• **WHAT TO WORK ON**: Find each line below where the word "thesis" occurs, and copy it.

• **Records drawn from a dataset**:
------------------------------------------------------------

text \<open>Equality in the Delsarte bound for every line through a vertex is forced by
  k = \<Sum>(|l| - 1) over the at most s lines through it.\<close>
lemma card_line_if_tight:
  assumes tight: "- theta_min V E = real s" and l: "l \<in> L"
  shows "real (card l) = 1 + real k / real s"
proof -
  have neg: "theta_min V E < 0" using tight two_le_s by simp
  have bound: "real (card l') - 1 \<le> real k / real s" if "l' \<in> L" for l'
    using delsarte_bound[OF theta_min_adj_eigenvalue neg line_clique[OF that]] tight by simp
  obtain x where x: "x \<in> l" using two_le_card_line[OF l] by fastforce
  then have xV: "x \<in> V" and lx: "l \<in> lines_through x"
    using line_subset_V l unfolding lines_through_def by auto
  let ?slack = "\<lambda>l'. real k / real s - (real (card l') - 1)"
  have slack: "0 \<le> ?slack l'" if "l' \<in> lines_through x" for l'
    using bound that unfolding lines_through_def by auto
  have "real k = (\<Sum>l'\<in>lines_through x. real (card l') - 1)"
    using card_nbrs_plus_card_lines_through[OF xV] card_nbrs[OF xV]
    by (simp add: sum_subtractf flip: of_nat_sum)
  then have "(\<Sum>l'\<in>lines_through x. ?slack l') = real (card (lines_through x)) * (real k / real s) - real k"
    by (simp add: sum_subtractf)
  also have "\<dots> \<le> real s * (real k / real s) - real k"
    using card_lines_through_le[OF xV] unfolding lines_through_def
    by (intro diff_right_mono mult_right_mono) auto
  also have "\<dots> = 0" using two_le_s by simp
  finally have "(\<Sum>l'\<in>lines_through x. ?slack l') = 0"
    using sum_nonneg[of "lines_through x" ?slack, OF slack] by linarith
  then have "?slack l = 0"
    using sum_nonneg_eq_0_iff[OF finite_lines_through, where f = ?slack] slack lx by blast
  then show ?thesis by simp
qed

lemma geometric_if_tight:
  assumes tight: "- theta_min V E = real s"
  shows "geometric V E"
  unfolding geometric_def
proof (intro exI[of _ L] conjI allI impI)
  show "\<forall>C\<in>L. delsarte_clique V E C"
    unfolding delsarte_clique_def using card_line_if_tight[OF tight] line_clique tight by simp
next
  fix x y assume e: "E x y"
  then have "x \<in> V" "y \<in> V" "x \<noteq> y" using adj_in_V adj_irrefl by auto
  then show "\<exists>!C. C \<in> L \<and> x \<in> C \<and> y \<in> C"
    using adj_iff_collinear e line_unique by metis
qed

lemma int_a_1_le_line_cross:
  assumes x: "x \<in> V" and l: "l \<in> lines_through x" and y: "y \<in> l" "y \<noteq> x"
  shows "int_a V E 1 \<le> int (card l) - 2 + (\<Sum>l'\<in>lines_through x - {l}. int (card (nbrs y \<inter> (l' - {x}))))"
proof -
  have lL: "l \<in> L" "x \<in> l" using l unfolding lines_through_def by auto
  have e: "E x y" using line_adj[OF lL(1) lL(2) y(1)] y by auto
  let ?U = "\<Union>l'\<in>lines_through x - {l}. nbrs y \<inter> (l' - {x})"
  have "nbrs x \<inter> nbrs y \<subseteq> (l - {x, y}) \<union> ?U"
  proof
    fix z assume z: "z \<in> nbrs x \<inter> nbrs y"
    then obtain l'' where l'': "l'' \<in> lines_through x" "z \<in> l'' - {x}"
      using nbrs_eq_UN_lines[OF x] by auto
    have "z \<noteq> y" using z adj_irrefl unfolding nbrs_def by auto
    then show "z \<in> (l - {x, y}) \<union> ?U" using l'' z by (cases "l'' = l") auto
  qed
  then have "card (nbrs x \<inter> nbrs y) \<le> card ((l - {x, y}) \<union> ?U)"
    using finite_line[OF lL(1)] finite_lines_through finite_nbrs by (intro card_mono) auto
  also have "\<dots> \<le> card (l - {x, y}) + card ?U"
    by (rule card_Un_le)
  also have "card ?U \<le> (\<Sum>l'\<in>lines_through x - {l}. card (nbrs y \<inter> (l' - {x})))"
    using finite_lines_through by (intro card_UN_le) simp
  also have "card (l - {x, y}) = card l - 2"
    using card_Diff_subset[of "{x, y}" l] lL y finite_line by simp
  finally have "int (card (nbrs x \<inter> nbrs y)) \<le> int (card l - 2)
      + (\<Sum>l'\<in>lines_through x - {l}. int (card (nbrs y \<inter> (l' - {x}))))"
    by (simp flip: of_nat_sum of_nat_add)
  then show ?thesis using card_common_nbrs_adj[OF e] two_le_card_line[OF lL(1)] by simp
qed

lemma card_cross_nbrs_le:
  assumes x: "x \<in> V" and l: "l \<in> lines_through x" and l': "l' \<in> lines_through x"
    and ne: "l \<noteq> l'" and y: "y \<in> l" "y \<noteq> x"
  shows "int (card (nbrs y \<inter> (l' - {x}))) \<le> int c - 1"
proof -
  have lL: "l \<in> L" "x \<in> l" "l' \<in> L" "x \<in> l'" using l l' unfolding lines_through_def by auto
  have "y \<notin> l'" using line_unique[OF lL(1) lL(3) y(2)] lL y ne by auto
  moreover have yV: "y \<in> V" using line_subset_V lL y by auto
  ultimately have le: "card {z \<in> l'. E y z} \<le> c" using card_adj_on_line_le lL by blast
  have xin: "x \<in> {z \<in> l'. E y z}" using line_adj[OF lL(1) y(1) lL(2)] y lL by simp
  have "nbrs y \<inter> (l' - {x}) = {z \<in> l'. E y z} - {x}"
    unfolding nbrs_def using line_subset_V lL by auto
  moreover have "card ({z \<in> l'. E y z} - {x}) = card {z \<in> l'. E y z} - 1"
    by (rule card_Diff_singleton[OF xin])
  moreover have "finite {z \<in> l'. E y z}" using finite_line[OF lL(3)] by simp
  then have "0 < card {z \<in> l'. E y z}" using xin card_gt_0_iff by (metis empty_iff)
  ultimately show ?thesis using le by simp
qed

text \<open>A single line through x would contain all neighbours of x, forcing a_1 = k - 1, i.e. b_1 = 0.\<close>
lemma two_le_card_lines_through:
  assumes x: "x \<in> V"
  shows "2 \<le> card (lines_through x)"
proof (rule ccontr)
  assume "\<not> ?thesis"
  then have le1: "card (lines_through x) \<le> 1" by simp
  have "nbrs x \<noteq> {}" using card_nbrs[OF x] valency_pos by auto
  then obtain y l where y: "y \<in> nbrs x" and l: "l \<in> lines_through x" "y \<in> l - {x}"
    using nbrs_eq_UN_lines[OF x] by auto
  have "lines_through x = {l}"
    using le1 l finite_lines_through card_le_Suc0_iff_eq[of "lines_through x"] by auto
  then have k: "k = card (l - {x})" using card_nbrs_lines[OF x] card_nbrs[OF x] by simp
  have lL: "l \<in> L" "x \<in> l" using l unfolding lines_through_def by auto
  have "l - {x, y} \<subseteq> nbrs x \<inter> nbrs y"
    unfolding nbrs_def using line_subset_V lL line_adj l by auto
  then have "card (l - {x, y}) \<le> card (nbrs x \<inter> nbrs y)" using finite_nbrs by (intro card_mono) auto
  moreover have "l - {x} = insert y (l - {x, y})" using l by auto
  then have "card (l - {x}) = card (l - {x, y}) + 1" using finite_line[OF lL(1)] by simp
  ultimately have "int k - 1 \<le> int_a V E 1"
    using card_common_nbrs_adj y k unfolding nbrs_def by fastforce
  then show False using int_b_1_pos int_c_1 unfolding int_a_def by simp
qed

------------------------------------------------------------

• **REPLY**:
  then show ?thesis by simp
  then show ?thesis using card_common_nbrs_adj[OF e] two_le_card_line[OF lL(1)] by simp
  ultimately show ?thesis using le by simp
  assume "\<not> ?thesis"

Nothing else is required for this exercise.